Not only did Parton agree to appear in 9 to 5, but she showed her early business mind by insisting she write the theme song as well.
“Actually, I thought it was a good script, and I knew that at that time it would be a wonderful thing for women and for the workplace,” Parton reflects. “But my main deal with Jane [was], I said, ‘I’ll be happy to be in it providing I get to write the theme song.’ My business mind started working also. I thought, ‘I got to make this worth my while, not just to be in a movie with someone else.’ That was part of my deal that I would write and sing the theme song. So that’s what I did and it turned out to be a wonderful thing. It was my first movie. I’d never even seen a movie made really at that time, but I had good people.”
Parton might have had some reluctance to dip her toes into the acting world, but she had zero doubts about her ability to write the 9 to 5 theme song.
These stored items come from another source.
lemma sum_powers_eq_0:
  assumes "\<forall>g\<in>Gs. \<gamma> g \<in> GF r" "\<forall>j<w. (\<Sum>g\<in>Gs. \<gamma> g * \<alpha> g ^ exps j) = 0"
    and "0 < ex" "ex < h"
  shows "(\<Sum>g\<in>Gs. \<gamma> g * \<alpha> g ^ ex) = 0"
proof -
  \<comment> \<open>Write \<open>ex = e' 2^(r a)\<close> with \<open>2^r\<close> not dividing \<open>e'\<close>; the coefficients lie in \<open>GF r\<close>, so
    the \<open>2^(r a)\<close>-th power map carries the relation for \<open>e'\<close> to the one for \<open>ex\<close>.\<close>
  have "ex \<noteq> 0" "\<not> is_unit ((2::nat) ^ r)"
    using assms(3) r_pos by simp_all
  then obtain e' where e': "ex = (2 ^ r) ^ multiplicity (2 ^ r) ex * e'" "\<not> 2 ^ r dvd e'"
    by (rule multiplicity_decompose')
  define a where "a = multiplicity (2 ^ r) ex"
  have ex: "ex = e' * 2 ^ (r * a)"
    using e'(1) by (simp add: a_def power_mult mult.commute)
  have "0 < e'"
    using assms(3) unfolding ex by simp
  have "e' * 1 \<le> e' * 2 ^ (r * a)"
    by (intro mult_le_mono2) simp
  then have "e' < h"
    using assms(4) ex by linarith
  with \<open>0 < e'\<close> e'(2) have "e' \<in> exps ` {..<w}"
    using exps by blast
  then obtain j where "j < w" "e' = exps j"
    by blast
  then have "(\<Sum>g\<in>Gs. \<gamma> g * \<alpha> g ^ e') = 0"
    using assms(2) by simp
  moreover have "GF r \<subseteq> GF (r * a)"
    by (rule GF_subset) simp
  then have "\<forall>g\<in>Gs. \<gamma> g \<in> GF (r * a)"
    using assms(1) by blast
  then have "\<forall>g\<in>Gs. \<gamma> g ^ (2 ^ (r * a)) = \<gamma> g"
    by (simp add: GF_def)
  ultimately show ?thesis
    unfolding ex by (intro sum_frobenius_power_eq_0[OF CHAR_bit_alg_closure])
qed

lemma group_power_sums_eq_0:
  assumes "Gs \<subseteq> {..<num_groups k r h}" "card Gs \<le> h" "\<forall>g\<in>Gs. \<gamma> g \<in> GF r"
    and "(\<Sum>g\<in>Gs. \<gamma> g) = 0" "0 < m \<Longrightarrow> \<forall>j<w. (\<Sum>g\<in>Gs. \<gamma> g * \<alpha> g ^ exps j) = 0"
    and "ex < card Gs"
  shows "(\<Sum>g\<in>Gs. \<gamma> g * \<alpha> g ^ ex) = 0"
proof (cases "ex = 0")
  case True
  then show ?thesis
    using assms(4) by simp
next
  case False
  \<comment> \<open>Two distinct groups need two distinct \<open>\<alpha>\<close>s, so \<open>GF m\<close> is not trivial.\<close>
  have "2 \<le> card Gs"
    using assms(6) False by simp
  also have "card Gs \<le> num_groups k r h"
    using assms(1) card_mono[of "{..<num_groups k r h}" Gs] by simp
  also have "\<dots> \<le> 2 ^ m"
    by (rule num_groups_le)
  finally have "0 < m"
    by (cases m) auto
  then show ?thesis
    by (rule sum_powers_eq_0[OF assms(3) assms(5)]) (use assms(2,6) False in simp_all)
qed

lemma group_sums_eq_0:
  assumes U: "finite U" "U \<subseteq> {..<code_length k r h}" "card U \<le> h"
    and c: "\<forall>u\<in>U. c u \<in> GF r" "(\<Sum>u\<in>U. c u) = 0"
      "0 < m \<Longrightarrow> \<forall>j<w. (\<Sum>u\<in>U. c u * \<alpha> (coord_group k h r u) ^ exps j) = 0"
  shows "(\<Sum>u | u \<in> U \<and> coord_group k h r u = g. c u) = 0"
proof -
  let ?G = "coord_group k h r"
  define Gs where "Gs = ?G ` U"
  define \<gamma> where "\<gamma> g = (\<Sum>u | u \<in> U \<and> ?G u = g. c u)" for g
  have regroup: "(\<Sum>u\<in>U. c u * \<alpha> (?G u) ^ ex) = (\<Sum>g\<in>Gs. \<gamma> g * \<alpha> g ^ ex)" for ex
  proof -
    have "(\<Sum>u\<in>U. c u * \<alpha> (?G u) ^ ex) = (\<Sum>g\<in>Gs. \<Sum>u | u \<in> U \<and> ?G u = g. c u * \<alpha> (?G u) ^ ex)"
      unfolding Gs_def by (rule sum.image_gen[OF U(1)])
    also have "\<dots> = (\<Sum>g\<in>Gs. \<gamma> g * \<alpha> g ^ ex)"
      unfolding \<gamma>_def by (intro sum.cong refl) (auto simp: sum_distrib_right intro!: sum.cong)
    finally show ?thesis .
  qed
  have Gs: "finite Gs" "Gs \<subseteq> {..<num_groups k r h}" "card Gs \<le> card U"
    using U coord_group_less by (auto simp: Gs_def card_image_le)
  have "\<forall>g\<in>Gs. \<gamma> g \<in> GF r"
    unfolding \<gamma>_def using U(1) c(1) by (intro ballI F2_basis.sum_in_V[OF \<beta>_basis]) auto
  moreover have "(\<Sum>g\<in>Gs. \<gamma> g) = 0"
    using regroup[of 0] c(2) by simp
  moreover have "0 < m \<Longrightarrow> \<forall>j<w. (\<Sum>g\<in>Gs. \<gamma> g * \<alpha> g ^ exps j) = 0"
    using c(3) regroup by simp
  moreover have "card Gs \<le> h"
    using Gs(3) U(3) by simp
  ultimately have "\<forall>ex<card Gs. (\<Sum>g\<in>Gs. \<gamma> g * \<alpha> g ^ ex) = 0"
    using group_power_sums_eq_0[OF Gs(2)] by blast
  moreover have "inj_on \<alpha> Gs"
    using \<alpha>_inj Gs(2) by (rule inj_on_subset)
  ultimately have "\<forall>g\<in>Gs. \<gamma> g = 0"
    using vandermonde_coeffs_zero[OF Gs(1) _ le_refl] by blast
  moreover have "\<gamma> g = 0" if "g \<notin> Gs"
    using that by (auto simp: \<gamma>_def Gs_def intro!: sum.neutral)
  ultimately show ?thesis
    unfolding \<gamma>_def[symmetric] by blast
qed

lemma good_labelling: "good_labelling k r h labelling"
  unfolding good_labelling_def label_labelling
proof (intro allI impI)
  fix e S
  let ?G = "coord_group k h r"
  assume e: "erasure_pattern k r h e" and S: "S \<subseteq> {..<code_length k r h}" "card S \<le> h"
    and avoid: "\<forall>u\<in>S. u \<noteq> e (?G u)"
  define c where "c u = base_label u + base_label (e (?G u))" for u
  have dom: "in_domain (c u) (\<lambda>j. c u * \<alpha> (?G u) ^ exps j)" for u
    using in_domain_add[OF in_domain_base_label in_domain_base_label]
    by (simp add: c_def distrib_right)
  have shifted: "labelling u + labelling (e (?G u)) = embed_tuple (c u) (\<lambda>j. c u * \<alpha> (?G u) ^ exps j)"
    if "u \<in> S" for u
  proof -
    have "?G (e (?G u)) = ?G u"
      using e S(1) that coord_group_less by (auto simp: erasure_pattern_def)
    then show ?thesis
      unfolding labelling_def
      by (simp add: embed_tuple_add[OF in_domain_base_label in_domain_base_label] c_def distrib_right)
  qed
  show "F2_independent (\<lambda>u. labelling u + labelling (e (?G u))) S"
    unfolding F2_independent_def
  proof (intro allI impI notI)
    fix U assume U: "U \<subseteq> S" "U \<noteq> {}"
      and sum0: "(\<Sum>u\<in>U. labelling u + labelling (e (?G u))) = 0"
    have U_N: "U \<subseteq> {..<code_length k r h}"
      using U(1) S(1) by blast
    then have finU: "finite U"
      by (rule finite_subset) simp
    have "card U \<le> card S"
      using U(1) S(1) by (intro card_mono) (auto intro: finite_subset)
    with S(2) have card_U: "card U \<le> h"
      by simp
    have "embed_tuple (\<Sum>u\<in>U. c u) (\<lambda>j. \<Sum>u\<in>U. c u * \<alpha> (?G u) ^ exps j) = 0"
      using sum0 shifted U(1) embed_tuple_sum[OF finU dom] by (simp add: subset_iff)
    moreover have "in_domain (\<Sum>u\<in>U. c u) (\<lambda>j. \<Sum>u\<in>U. c u * \<alpha> (?G u) ^ exps j)"
      by (rule in_domain_sum[OF finU dom])
    ultimately have "(\<Sum>u\<in>U. c u) = 0" "0 < m \<Longrightarrow> \<forall>j<w. (\<Sum>u\<in>U. c u * \<alpha> (?G u) ^ exps j) = 0"
      using embed_tuple_eq_0 by blast+
    moreover have "\<forall>u\<in>U. c u \<in> GF r"
      using base_label_GF by (simp add: c_def GF_add)
    ultimately have "(\<Sum>u | u \<in> U \<and> ?G u = g. c u) = 0" for g
      using group_sums_eq_0[OF finU U_N card_U] by simp
    moreover obtain u0 where "u0 \<in> U"
      using U(2) by blast
    ultimately show False
      using group_shift_sum_nonzero[OF e U_N _ \<open>u0 \<in> U\<close>] avoid U(1) by (auto simp: c_def)
  qed
qed

end
section \<open>The parameters\<close>

lemma m_param:
  assumes "0 < r"
  shows "r dvd m_param k r h" "num_groups k r h \<le> 2 ^ m_param k r h"
proof -
  define l where "l = num_groups k r h"
  have "l < 2 ^ l"
    by (rule less_exp)
  also have "\<dots> \<le> 2 ^ (r * l)"
    using assms by (intro power_increasing) auto
  finally have "\<exists>m. r dvd m \<and> l \<le> 2 ^ m"
    by (intro exI[of _ "r * l"]) simp
  then have "r dvd m_param k r h \<and> l \<le> 2 ^ m_param k r h"
    unfolding m_param_def l_def[symmetric] by (rule LeastI_ex)
  then show "r dvd m_param k r h" "num_groups k r h \<le> 2 ^ m_param k r h"
    by (simp_all add: l_def)
qed

lemma card_multiples_ge:
  assumes "0 < (q::nat)"
  shows "(h - 1) div q \<le> card {e. 0 < e \<and> e < h \<and> q dvd e}"
proof -
  define d where "d = (h - 1) div q"
  have "(\<lambda>j. q * j) ` {1..d} \<subseteq> {e. 0 < e \<and> e < h \<and> q dvd e}"
  proof
    fix x assume "x \<in> (\<lambda>j. q * j) ` {1..d}"
    then obtain j where j: "1 \<le> j" "j \<le> d" "x = q * j"
      by auto
    have "q * j \<le> q * d"
      using j by simp
    also have "q * d \<le> h - 1"
      by (simp add: d_def)
    finally have "q * j \<le> h - 1" .
    moreover have "0 < q * j"
      using j assms by simp
    ultimately have "0 < q * j \<and> q * j < h"
      by linarith
    then show "x \<in> {e. 0 < e \<and> e < h \<and> q dvd e}"
      using j(3) by simp
  qed
  then have "card ((\<lambda>j. q * j) ` {1..d}) \<le> card {e. 0 < e \<and> e < h \<and> q dvd e}"
    by (rule card_mono[rotated]) simp
  moreover have "inj_on (\<lambda>j. q * j) {1..d}"
    by (rule inj_onI) (use assms in simp)
  then have "card ((\<lambda>j. q * j) ` {1..d}) = d"
    by (simp add: card_image)
  ultimately show ?thesis
    by (simp add: d_def)
qed

lemma card_exponents_le:
  assumes "0 < r" "0 < h"
  shows "card {e. 0 < e \<and> e < h \<and> \<not> 2 ^ r dvd e} \<le> nat \<lceil>(real h - 1) * (1 - 1 / 2 ^ r)\<rceil>"
proof -
  define q :: nat where "q = 2 ^ r"
  define n where "n = h - 1"
  define d where "d = n div q"
  have "2 ^ 1 \<le> q"
    unfolding q_def using assms(1) by (intro power_increasing) auto
  then have q2: "2 \<le> q"
    by simp
  define Good where "Good = {e. 0 < e \<and> e < h \<and> \<not> q dvd e}"
  define Mult where "Mult = {e. 0 < e \<and> e < h \<and> q dvd e}"
  have "Good \<union> Mult = {0<..<h}" "Good \<inter> Mult = {}" "finite Good" "finite Mult"
    by (auto simp: Good_def Mult_def)
  then have "card Good + card Mult = n"
    using card_Un_disjoint[of Good Mult] by (simp add: n_def)
  moreover have "d \<le> card Mult"
    using card_multiples_ge[of q h] q2 by (simp add: d_def n_def Mult_def)
  ultimately have card_Good: "card Good \<le> n - d"
    by simp
  have "n = q * d + n mod q" "n mod q < q"
    using q2 by (simp_all add: d_def)
  then have "real n < real q * (real d + 1)"
    by (metis add.commute add_less_cancel_left mult_Suc_right of_nat_Suc of_nat_less_iff of_nat_mult)
  then have "real n / real q < real d + 1"
    using q2 by (simp add: divide_less_eq mult.commute)
  then have "real n - real d - 1 < real n * (1 - 1 / real q)"
    by (simp add: algebra_simps)
  moreover have "real h - 1 = real n" "d \<le> n"
    using assms(2) by (simp_all add: n_def d_def of_nat_diff)
  ultimately have "real_of_int (int (n - d)) - 1 < (real h - 1) * (1 - 1 / 2 ^ r)"
    by (simp add: of_nat_diff q_def)
  then have "n - d \<le> nat \<lceil>(real h - 1) * (1 - 1 / 2 ^ r)\<rceil>"
    by linarith
  with card_Good show ?thesis
    by (simp add: Good_def q_def)
qed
“I knew the music part would be perfect,” boasts the singer. “I actually knew that was so much part of me, that I can write and I can rhyme. I actually wrote the song on the set as we went along, as I’d watch things. I’d work with my fingernails, my acrylic nails making it sound like a typewriter. and I wrote a lot of stuff on the set. So I made it fun, but I knew I had that part under control. I wasn’t worried about the music end of it. I just knew I wanted to do the theme song, but the acting I was a little nervous.
“I was a little unsure myself, but like I’ve always said, ‘My desire to do things is greater than my fear of it,'” she adds. “So I just leaped right in there like I do everything else because I knew if I said I’d do it, I would do it. I would make it work. It did turn out to be pretty good. So that was when I got a taste of it and I thought, ‘Well, what took me so long?'”
Parton’s other movie roles include The Best Little Whorehouse in Texas, Rhinestone and Joyful Noise, among others.